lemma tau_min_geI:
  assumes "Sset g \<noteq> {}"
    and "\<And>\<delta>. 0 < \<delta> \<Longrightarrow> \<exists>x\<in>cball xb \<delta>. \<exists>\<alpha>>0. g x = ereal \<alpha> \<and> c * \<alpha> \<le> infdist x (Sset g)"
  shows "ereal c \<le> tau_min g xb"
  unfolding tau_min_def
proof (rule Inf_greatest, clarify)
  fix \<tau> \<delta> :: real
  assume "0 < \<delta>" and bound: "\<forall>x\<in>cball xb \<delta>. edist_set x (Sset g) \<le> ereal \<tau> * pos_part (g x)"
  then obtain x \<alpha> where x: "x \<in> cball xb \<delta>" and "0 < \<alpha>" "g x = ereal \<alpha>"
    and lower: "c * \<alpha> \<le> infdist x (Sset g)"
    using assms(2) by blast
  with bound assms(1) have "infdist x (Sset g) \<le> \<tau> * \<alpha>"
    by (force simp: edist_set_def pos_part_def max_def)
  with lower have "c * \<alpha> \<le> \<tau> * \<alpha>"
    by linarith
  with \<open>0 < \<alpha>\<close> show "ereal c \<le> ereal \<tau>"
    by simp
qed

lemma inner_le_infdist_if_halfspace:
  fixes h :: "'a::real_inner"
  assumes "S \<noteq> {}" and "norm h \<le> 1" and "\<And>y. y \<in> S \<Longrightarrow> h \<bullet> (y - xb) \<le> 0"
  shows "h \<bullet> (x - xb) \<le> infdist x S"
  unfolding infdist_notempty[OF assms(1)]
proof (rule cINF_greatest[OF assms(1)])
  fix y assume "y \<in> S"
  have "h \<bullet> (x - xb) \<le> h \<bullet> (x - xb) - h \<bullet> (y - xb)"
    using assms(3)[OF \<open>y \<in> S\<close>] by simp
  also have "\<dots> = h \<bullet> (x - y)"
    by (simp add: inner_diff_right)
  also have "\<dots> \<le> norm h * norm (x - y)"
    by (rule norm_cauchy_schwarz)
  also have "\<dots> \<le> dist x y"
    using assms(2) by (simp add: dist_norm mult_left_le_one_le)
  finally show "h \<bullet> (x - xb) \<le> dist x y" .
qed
══════════
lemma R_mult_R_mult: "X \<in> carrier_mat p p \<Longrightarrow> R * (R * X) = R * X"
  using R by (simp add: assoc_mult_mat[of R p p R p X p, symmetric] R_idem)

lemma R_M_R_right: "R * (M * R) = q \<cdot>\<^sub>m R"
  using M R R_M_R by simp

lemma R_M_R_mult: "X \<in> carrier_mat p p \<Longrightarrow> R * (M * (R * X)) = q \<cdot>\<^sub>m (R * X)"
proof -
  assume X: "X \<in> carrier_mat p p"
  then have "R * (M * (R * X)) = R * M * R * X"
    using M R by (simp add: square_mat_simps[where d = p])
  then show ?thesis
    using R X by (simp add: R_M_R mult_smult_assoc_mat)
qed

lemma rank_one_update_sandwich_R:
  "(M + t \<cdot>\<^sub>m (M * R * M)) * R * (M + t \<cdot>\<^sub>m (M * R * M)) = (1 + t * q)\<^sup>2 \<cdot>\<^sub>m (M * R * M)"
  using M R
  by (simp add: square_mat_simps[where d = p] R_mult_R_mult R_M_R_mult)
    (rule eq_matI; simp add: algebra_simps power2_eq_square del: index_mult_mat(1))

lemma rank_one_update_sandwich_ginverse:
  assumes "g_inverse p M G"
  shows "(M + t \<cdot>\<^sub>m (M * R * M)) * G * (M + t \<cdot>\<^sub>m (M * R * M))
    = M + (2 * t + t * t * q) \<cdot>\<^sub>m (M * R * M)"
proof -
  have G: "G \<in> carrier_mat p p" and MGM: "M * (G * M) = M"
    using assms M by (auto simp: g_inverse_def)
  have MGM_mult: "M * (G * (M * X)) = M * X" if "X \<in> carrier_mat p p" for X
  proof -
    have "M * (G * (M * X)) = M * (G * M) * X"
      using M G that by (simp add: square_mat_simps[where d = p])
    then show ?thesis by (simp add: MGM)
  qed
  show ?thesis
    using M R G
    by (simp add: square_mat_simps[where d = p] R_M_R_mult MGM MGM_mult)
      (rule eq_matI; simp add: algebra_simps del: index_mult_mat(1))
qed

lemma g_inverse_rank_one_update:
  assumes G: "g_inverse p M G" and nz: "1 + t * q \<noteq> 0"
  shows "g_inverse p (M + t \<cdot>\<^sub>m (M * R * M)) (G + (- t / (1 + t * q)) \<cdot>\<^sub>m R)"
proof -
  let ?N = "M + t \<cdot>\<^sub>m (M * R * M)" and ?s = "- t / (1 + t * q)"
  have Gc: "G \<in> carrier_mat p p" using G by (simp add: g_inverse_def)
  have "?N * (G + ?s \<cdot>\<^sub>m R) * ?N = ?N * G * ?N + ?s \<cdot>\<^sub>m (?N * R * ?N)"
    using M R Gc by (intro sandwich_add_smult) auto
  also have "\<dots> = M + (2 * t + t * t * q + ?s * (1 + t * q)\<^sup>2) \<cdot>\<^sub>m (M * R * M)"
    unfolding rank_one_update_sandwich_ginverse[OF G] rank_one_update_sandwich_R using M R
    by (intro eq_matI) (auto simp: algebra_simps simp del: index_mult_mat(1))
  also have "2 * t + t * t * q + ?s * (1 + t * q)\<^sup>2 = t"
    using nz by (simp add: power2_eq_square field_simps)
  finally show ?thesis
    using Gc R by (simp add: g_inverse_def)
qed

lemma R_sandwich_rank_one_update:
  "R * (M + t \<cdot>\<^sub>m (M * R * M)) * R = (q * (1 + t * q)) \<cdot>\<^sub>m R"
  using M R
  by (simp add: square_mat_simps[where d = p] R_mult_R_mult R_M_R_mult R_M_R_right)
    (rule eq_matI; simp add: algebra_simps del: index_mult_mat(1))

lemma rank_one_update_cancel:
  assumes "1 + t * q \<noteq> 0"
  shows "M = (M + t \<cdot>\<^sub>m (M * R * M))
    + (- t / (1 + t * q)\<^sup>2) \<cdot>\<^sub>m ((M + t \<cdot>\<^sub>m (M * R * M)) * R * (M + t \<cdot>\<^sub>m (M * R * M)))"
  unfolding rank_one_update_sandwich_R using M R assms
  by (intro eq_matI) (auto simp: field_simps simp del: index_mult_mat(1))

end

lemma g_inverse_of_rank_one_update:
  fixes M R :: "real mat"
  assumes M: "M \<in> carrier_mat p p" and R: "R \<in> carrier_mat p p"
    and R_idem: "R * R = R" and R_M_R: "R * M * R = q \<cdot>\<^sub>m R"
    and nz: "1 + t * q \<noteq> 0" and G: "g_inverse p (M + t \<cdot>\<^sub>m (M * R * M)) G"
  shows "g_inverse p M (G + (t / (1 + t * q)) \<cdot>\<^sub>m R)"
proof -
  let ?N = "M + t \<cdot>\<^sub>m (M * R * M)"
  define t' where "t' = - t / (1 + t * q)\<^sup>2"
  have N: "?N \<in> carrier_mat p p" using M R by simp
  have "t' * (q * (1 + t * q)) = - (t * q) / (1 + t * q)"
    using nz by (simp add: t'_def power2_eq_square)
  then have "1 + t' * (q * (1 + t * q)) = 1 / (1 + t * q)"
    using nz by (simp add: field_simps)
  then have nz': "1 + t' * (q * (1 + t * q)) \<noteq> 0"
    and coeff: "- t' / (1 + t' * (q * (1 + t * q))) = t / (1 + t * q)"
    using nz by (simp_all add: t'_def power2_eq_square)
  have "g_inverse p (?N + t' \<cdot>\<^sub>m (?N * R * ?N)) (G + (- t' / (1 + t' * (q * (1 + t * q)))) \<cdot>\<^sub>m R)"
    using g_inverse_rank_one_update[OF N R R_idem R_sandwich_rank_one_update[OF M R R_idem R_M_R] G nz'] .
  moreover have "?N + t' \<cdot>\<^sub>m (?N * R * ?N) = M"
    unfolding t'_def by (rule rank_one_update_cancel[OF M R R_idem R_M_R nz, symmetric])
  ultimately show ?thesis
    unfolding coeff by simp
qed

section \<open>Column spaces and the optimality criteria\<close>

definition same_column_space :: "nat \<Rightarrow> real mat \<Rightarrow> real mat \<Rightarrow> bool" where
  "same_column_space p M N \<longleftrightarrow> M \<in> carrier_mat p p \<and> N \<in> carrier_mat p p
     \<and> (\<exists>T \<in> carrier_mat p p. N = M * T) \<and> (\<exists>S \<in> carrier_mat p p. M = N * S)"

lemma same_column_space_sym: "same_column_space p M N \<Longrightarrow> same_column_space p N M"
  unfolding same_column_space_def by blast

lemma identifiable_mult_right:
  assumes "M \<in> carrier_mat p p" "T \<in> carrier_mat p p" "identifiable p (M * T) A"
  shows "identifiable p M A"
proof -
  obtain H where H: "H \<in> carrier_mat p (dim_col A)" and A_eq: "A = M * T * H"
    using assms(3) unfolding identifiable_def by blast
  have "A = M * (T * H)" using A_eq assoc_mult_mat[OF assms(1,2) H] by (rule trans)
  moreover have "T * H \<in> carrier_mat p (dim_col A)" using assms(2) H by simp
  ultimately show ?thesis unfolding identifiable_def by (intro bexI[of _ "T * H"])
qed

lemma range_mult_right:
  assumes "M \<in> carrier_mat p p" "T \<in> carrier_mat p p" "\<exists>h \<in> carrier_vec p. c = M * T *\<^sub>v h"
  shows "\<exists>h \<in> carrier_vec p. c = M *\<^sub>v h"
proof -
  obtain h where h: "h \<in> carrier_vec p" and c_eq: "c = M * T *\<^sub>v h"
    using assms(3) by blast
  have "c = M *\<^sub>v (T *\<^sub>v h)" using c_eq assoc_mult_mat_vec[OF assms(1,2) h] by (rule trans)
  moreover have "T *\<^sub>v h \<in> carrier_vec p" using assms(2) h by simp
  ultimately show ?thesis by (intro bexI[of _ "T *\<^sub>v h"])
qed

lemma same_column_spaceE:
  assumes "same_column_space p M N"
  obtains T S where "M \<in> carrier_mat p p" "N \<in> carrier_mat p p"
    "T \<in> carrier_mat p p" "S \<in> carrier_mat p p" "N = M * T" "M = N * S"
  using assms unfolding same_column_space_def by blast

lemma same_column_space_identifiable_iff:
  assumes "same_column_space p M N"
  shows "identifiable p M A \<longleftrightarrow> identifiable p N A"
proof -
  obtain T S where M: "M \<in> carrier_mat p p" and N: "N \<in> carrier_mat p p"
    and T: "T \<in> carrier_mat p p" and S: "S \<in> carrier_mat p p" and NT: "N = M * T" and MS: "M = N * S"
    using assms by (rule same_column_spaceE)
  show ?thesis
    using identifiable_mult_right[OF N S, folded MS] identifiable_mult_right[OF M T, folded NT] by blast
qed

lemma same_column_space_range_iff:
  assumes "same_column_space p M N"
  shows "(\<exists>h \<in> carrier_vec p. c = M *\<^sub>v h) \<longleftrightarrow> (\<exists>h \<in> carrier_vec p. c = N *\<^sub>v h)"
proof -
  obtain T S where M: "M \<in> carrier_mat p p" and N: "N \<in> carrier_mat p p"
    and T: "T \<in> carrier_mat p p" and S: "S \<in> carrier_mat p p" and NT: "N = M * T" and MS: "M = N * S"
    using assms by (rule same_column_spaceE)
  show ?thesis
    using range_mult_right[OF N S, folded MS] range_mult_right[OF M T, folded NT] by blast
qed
══════════
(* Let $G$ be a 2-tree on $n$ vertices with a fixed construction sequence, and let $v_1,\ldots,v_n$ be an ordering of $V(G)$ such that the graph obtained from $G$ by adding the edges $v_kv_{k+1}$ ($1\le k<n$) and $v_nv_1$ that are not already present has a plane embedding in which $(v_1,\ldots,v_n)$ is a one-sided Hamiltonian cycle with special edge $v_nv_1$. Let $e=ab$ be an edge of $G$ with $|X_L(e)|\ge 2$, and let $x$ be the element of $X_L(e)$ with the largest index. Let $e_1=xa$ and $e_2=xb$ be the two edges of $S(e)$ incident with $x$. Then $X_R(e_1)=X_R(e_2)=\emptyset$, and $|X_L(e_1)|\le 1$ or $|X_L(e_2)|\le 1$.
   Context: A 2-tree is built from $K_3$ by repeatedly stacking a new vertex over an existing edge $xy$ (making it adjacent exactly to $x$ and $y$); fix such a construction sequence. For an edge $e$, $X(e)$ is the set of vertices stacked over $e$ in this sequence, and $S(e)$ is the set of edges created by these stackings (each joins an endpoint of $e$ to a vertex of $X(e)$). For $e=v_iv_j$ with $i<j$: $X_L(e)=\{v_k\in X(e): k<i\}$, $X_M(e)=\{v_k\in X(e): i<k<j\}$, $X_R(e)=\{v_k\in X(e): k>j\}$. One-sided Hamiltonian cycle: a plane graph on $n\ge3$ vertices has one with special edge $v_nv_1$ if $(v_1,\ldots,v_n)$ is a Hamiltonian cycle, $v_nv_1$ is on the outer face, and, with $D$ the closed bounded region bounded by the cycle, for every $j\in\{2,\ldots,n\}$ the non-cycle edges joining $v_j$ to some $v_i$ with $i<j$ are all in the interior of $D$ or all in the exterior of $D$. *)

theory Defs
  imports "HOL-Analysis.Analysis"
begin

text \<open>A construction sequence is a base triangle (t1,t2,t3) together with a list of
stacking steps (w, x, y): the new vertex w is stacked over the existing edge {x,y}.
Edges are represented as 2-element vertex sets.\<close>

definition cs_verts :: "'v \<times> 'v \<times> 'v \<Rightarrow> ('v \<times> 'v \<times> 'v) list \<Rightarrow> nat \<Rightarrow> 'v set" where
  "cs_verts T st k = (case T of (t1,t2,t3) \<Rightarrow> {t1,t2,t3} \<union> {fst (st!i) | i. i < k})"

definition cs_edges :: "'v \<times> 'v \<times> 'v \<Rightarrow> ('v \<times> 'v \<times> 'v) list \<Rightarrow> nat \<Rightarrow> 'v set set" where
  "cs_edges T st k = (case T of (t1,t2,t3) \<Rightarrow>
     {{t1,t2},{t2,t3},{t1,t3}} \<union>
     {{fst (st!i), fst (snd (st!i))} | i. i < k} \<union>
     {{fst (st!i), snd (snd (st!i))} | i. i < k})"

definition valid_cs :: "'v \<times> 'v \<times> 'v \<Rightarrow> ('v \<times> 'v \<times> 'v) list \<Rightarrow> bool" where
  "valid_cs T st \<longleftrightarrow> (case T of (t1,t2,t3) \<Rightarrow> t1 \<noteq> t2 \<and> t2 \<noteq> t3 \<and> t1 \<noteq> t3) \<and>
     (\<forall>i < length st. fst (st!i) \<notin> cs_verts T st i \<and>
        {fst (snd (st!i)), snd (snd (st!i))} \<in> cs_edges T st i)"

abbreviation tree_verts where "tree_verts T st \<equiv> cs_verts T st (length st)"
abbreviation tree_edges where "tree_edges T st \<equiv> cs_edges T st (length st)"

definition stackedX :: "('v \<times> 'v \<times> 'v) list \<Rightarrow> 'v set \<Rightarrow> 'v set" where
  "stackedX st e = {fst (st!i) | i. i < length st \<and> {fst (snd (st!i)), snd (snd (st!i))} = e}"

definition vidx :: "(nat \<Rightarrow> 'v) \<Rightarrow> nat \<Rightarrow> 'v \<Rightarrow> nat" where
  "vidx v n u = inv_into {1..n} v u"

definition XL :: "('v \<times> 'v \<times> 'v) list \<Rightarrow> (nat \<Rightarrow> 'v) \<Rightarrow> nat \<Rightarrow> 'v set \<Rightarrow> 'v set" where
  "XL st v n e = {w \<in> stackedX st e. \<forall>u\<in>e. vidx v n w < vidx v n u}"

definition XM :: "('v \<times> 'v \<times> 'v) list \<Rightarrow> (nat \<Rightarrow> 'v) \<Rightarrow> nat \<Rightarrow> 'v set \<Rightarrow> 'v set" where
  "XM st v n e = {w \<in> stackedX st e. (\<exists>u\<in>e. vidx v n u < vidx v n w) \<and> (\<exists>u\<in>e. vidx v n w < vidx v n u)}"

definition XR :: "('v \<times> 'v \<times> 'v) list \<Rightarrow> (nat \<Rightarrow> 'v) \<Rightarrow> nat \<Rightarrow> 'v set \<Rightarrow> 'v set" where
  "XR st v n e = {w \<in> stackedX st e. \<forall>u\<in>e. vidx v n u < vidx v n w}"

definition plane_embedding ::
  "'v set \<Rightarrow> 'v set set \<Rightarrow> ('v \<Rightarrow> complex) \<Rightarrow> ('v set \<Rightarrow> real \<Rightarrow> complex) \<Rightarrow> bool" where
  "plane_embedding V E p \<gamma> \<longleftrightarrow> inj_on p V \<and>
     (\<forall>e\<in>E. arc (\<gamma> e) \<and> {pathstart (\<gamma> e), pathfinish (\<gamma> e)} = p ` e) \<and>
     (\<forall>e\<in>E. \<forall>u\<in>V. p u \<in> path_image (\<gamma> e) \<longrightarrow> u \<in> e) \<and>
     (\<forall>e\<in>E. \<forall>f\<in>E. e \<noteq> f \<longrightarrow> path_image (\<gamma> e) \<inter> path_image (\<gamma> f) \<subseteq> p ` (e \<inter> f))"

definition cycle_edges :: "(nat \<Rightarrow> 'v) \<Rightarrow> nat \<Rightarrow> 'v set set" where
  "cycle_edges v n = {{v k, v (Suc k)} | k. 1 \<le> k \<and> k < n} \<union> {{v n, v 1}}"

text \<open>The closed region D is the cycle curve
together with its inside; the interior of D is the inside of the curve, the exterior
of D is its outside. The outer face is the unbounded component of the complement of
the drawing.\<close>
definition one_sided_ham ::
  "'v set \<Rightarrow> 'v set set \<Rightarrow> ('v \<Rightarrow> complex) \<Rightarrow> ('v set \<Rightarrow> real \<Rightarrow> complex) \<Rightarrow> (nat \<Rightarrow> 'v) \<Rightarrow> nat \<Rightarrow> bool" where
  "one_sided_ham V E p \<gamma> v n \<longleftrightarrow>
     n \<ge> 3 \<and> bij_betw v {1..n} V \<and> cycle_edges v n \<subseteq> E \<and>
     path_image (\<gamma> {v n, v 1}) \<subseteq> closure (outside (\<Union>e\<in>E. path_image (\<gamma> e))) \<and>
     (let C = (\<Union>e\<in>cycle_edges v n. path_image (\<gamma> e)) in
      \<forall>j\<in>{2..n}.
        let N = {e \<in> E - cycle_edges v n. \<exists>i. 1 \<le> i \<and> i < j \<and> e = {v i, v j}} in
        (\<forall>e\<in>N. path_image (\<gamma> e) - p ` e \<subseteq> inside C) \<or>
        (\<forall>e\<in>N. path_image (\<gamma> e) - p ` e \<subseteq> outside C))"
══════════
Task brief – Pick out every line above that holds the word "Sset" and copy it.

Exercise response –
  assumes "Sset g \<noteq> {}"
    and "\<And>\<delta>. 0 < \<delta> \<Longrightarrow> \<exists>x\<in>cball xb \<delta>. \<exists>\<alpha>>0. g x = ereal \<alpha> \<and> c * \<alpha> \<le> infdist x (Sset g)"
  assume "0 < \<delta>" and bound: "\<forall>x\<in>cball xb \<delta>. edist_set x (Sset g) \<le> ereal \<tau> * pos_part (g x)"
    and lower: "c * \<alpha> \<le> infdist x (Sset g)"
  with bound assms(1) have "infdist x (Sset g) \<le> \<tau> * \<alpha>"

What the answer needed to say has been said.